# blind from grain bin



## Hey Iowa (Dec 27, 2009)

10,000bu 50,000bu what size LOL!!!


----------



## pvoltmer (Aug 5, 2010)

If they are full, just open up the man hole and sit inside it on the crop that is in there. Be cool to find an old one that's not being used and use the top hole (loading hole) and build a stand that hangs down on the inside and put in a swivel seat so you can turn all the way around.


----------



## FarmerPaul (Jun 9, 2005)

Have heard of a few people making old wagons into ground blinds but not grain bins. Grain bins are not very portable


----------



## biggameslayer (Jun 17, 2008)

we made one out of an old hog feeder but i cant get pics of it.Its an hour away i might be able to get pics of the wagon blind


----------



## bengalbrother (Dec 17, 2007)

Hey Iowa said:


> 10,000bu 50,000bu what size LOL!!!


:thumbs_up like a fellow farmer eh?


----------



## LiteSpeed1 (May 21, 2005)

pvoltmer said:


> If they are full, just open up the man hole and* sit inside it on the crop that is in there*. Be cool to find an old one that's not being used and use the top hole (loading hole) and build a stand that hangs down on the inside and put in a swivel seat so you can turn all the way around.


No don't! This is not a very safe thing to do. People can get trapped and actually "drown" in the grain.


----------



## hogasm (Jan 24, 2011)

The ones we have are 6ft in diameter and over 14ft tall with legs. They were old hog house bins set up with a auto auger system to dispense the feed. we have at least 10 lying around with the legs still on them and thought they would make great blinds since the deer are used to them lying around all over the farm.


----------



## #1 Hogger (Aug 17, 2005)

we used a old combine with a open hopper put a piece of plywood inside the hopper and a garden chair the deer had seen it for years along the fence line and were used to it Only problem was the echo when you took a shot BUT it wasn't my watch so didn't bother me


----------



## lc12 (Jul 30, 2009)

Be aware that it can get very LOUD if you use it for rifle season too!
I have an old auger wagon that was turned upside down. Someone took a welder and cut "windows" out of it because it is made of steel.
Looked neat when I first found it on my property, but it is a haven for "critters", and we only use it as an emergency shelter if we happen to get caught out in the woods during a bad storm. It is in a great location, but the only way to bow shoot from it is on the "end" of the wagon.
And, as I said, you usually have to clear the "critters" out before crawling in!!!


----------



## sampson_08 (Feb 1, 2011)

I've seen a grain bin with makeshift skids on the bottom, made the transport pretty easy.


----------



## 419deerhunter (Oct 9, 2009)

pvoltmer said:


> If they are full, just open up the man hole and sit inside it on the crop that is in there. Be cool to find an old one that's not being used and use the top hole (loading hole) and build a stand that hangs down on the inside and put in a swivel seat so you can turn all the way around.

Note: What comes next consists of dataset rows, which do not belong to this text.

(* Let $q=(x,y)$ be a solution of the planar Stark problem $\ddot x=-x/r^3+1$, $\ddot y=-y/r^3$ ($r=\sqrt{x^2+y^2}$) with energy $H$ and constant $c$, and let $(\xi(\tau),\eta(\tau))$ be its regularized parabolic coordinates. If $\xi$ and $\eta$ are both periodic functions of $\tau$, with minimal positive periods $T_\xi$ and $T_\eta$ respectively, then $T_\xi>T_\eta$.
   Context: Energy: $H=\frac12(\dot x^2+\dot y^2)-\frac1r-x$. The constant $c$ is the conserved quantity $c=-\dot y(x\dot y-y\dot x)+\frac{x}{r}-\frac12y^2$. Regularized parabolic coordinates: $\xi^2=r+x$, $\eta^2=r-x$, with new time $\tau$ defined by $dt=(\xi^2+\eta^2)\,d\tau$; writing $'=d/d\tau$, they satisfy $\xi'^2=\xi^4+2H\xi^2+2(c+1)$ and $\eta'^2=-\eta^4+2H\eta^2-2(c-1)$, i.e. $\xi''=2\xi^3+2H\xi$, $\eta''=-2\eta^3+2H\eta$. *)

theory Defs
  imports "HOL-Analysis.Analysis"
begin

definition stark_energy :: "real \<Rightarrow> real \<Rightarrow> real \<Rightarrow> real \<Rightarrow> real" where
  "stark_energy x y vx vy = (vx^2 + vy^2) / 2 - 1 / sqrt (x^2 + y^2) - x"

definition stark_const :: "real \<Rightarrow> real \<Rightarrow> real \<Rightarrow> real \<Rightarrow> real" where
  "stark_const x y vx vy = - vy * (x * vy - y * vx) + x / sqrt (x^2 + y^2) - y^2 / 2"

definition periodic_with :: "(real \<Rightarrow> real) \<Rightarrow> real \<Rightarrow> bool" where
  "periodic_with f T \<longleftrightarrow> T > 0 \<and> (\<forall>s. f (s + T) = f s)"

definition minimal_period :: "(real \<Rightarrow> real) \<Rightarrow> real \<Rightarrow> bool" where
  "minimal_period f T \<longleftrightarrow> periodic_with f T \<and> (\<forall>T'. 0 < T' \<and> T' < T \<longrightarrow> \<not> periodic_with f T')"

end

theory Submission
  imports Defs
begin

(* Both coordinates solve a Duffing equation u'' = a u^3 + b u with b = 2H, a = 2 for \<xi> and
   a = -2 for \<eta>. Compare each with the harmonic oscillator of frequency \<omega> = sqrt (-2H) through
   the Pruefer angle \<phi> of the phase point (\<omega> u, u'), whose angular velocity is
   \<omega> - a \<omega> u^4 / ((\<omega> u)^2 + u'^2).
   For \<xi> the periodic orbit must stay in the well \<xi>^2 < -H between the two nonzero equilibria,
   which forces H < 0 and 0 < \<phi>' \<le> \<omega>; over one period \<phi> turns by a positive multiple of 2\<pi>,
   so T\<^sub>\<xi> \<ge> 2\<pi>/\<omega>. For \<eta> we have \<phi>' \<ge> \<omega>, strictly where \<eta> \<noteq> 0, so \<phi> completes a full turn
   at some time P < 2\<pi>/\<omega>; energy conservation then returns the state to its initial value, and
   uniqueness of solutions makes P a period of \<eta>. Hence T\<^sub>\<eta> \<le> P < 2\<pi>/\<omega> \<le> T\<^sub>\<xi>. *)

section \<open>Periodic functions\<close>

lemma periodic_with_int_shift:
  assumes "periodic_with f T"
  shows "f (s + of_int k * T) = f s"
proof -
  have nat_shift: "f (s + real n * T) = f s" for n s
  proof (induction n arbitrary: s)
    case (Suc n)
    have "f (s + real (Suc n) * T) = f ((s + real n * T) + T)"
      by (simp add: algebra_simps)
    with assms Suc show ?case
      by (simp add: periodic_with_def)
  qed simp
  show ?thesis
  proof (cases "k \<ge> 0")
    case True
    then show ?thesis using nat_shift[of s "nat k"] by simp
  next
    case False
    then show ?thesis using nat_shift[of "s + of_int k * T" "nat (- k)"] by simp
  qed
qed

Would not advise that, grain is worse than quicksand and there is a gas that can build up in the silos heard about a group of 3 guys that died one right after another trying to pull the original guy out from the gas.


Back to the op question I seen a post on here somewhere where a guy turned a silo into a "cabin" looked pretty nice


----------



## pvoltmer (Aug 5, 2010)

LiteSpeed1 said:


> No don't! This is not a very safe thing to do. People can get trapped and actually "drown" in the grain.





419deerhunter said:


> Would not advise that, grain is worse than quicksand and there is a gas that can build up in the silos heard about a group of 3 guys that died one right after another trying to pull the original guy out from the gas.
> 
> 
> Back to the op question I seen a post on here somewhere where a guy turned a silo into a "cabin" looked pretty nice


The only time they are like quicksand is when you are loading out of the bin. He's not "trapped" in it either, i mean you are sitting looking out. You aren't in the middle of the bin.


----------



## hogasm (Jan 24, 2011)

These bins have been lying all around the farm EMPTY for the last few years. My brother used to have an old Progressive Farmer mag that showed how to make them into blinds but he thinks his wife threw it out.


----------



## LiteSpeed1 (May 21, 2005)

pvoltmer said:


> The only time they are like quicksand is when you are loading out of the bin. He's not "trapped" in it either, i mean you are sitting looking out. You aren't in the middle of the bin.


You don't need to be in the middle of the bin to get trapped by grains like shelled corn, oats or wheat.


http://www.wthr.com/story/10955532/...-killed-in-grain-bin-accident?redirected=true


----------



## hogasm (Jan 24, 2011)

the bins are *EMPTY*


----------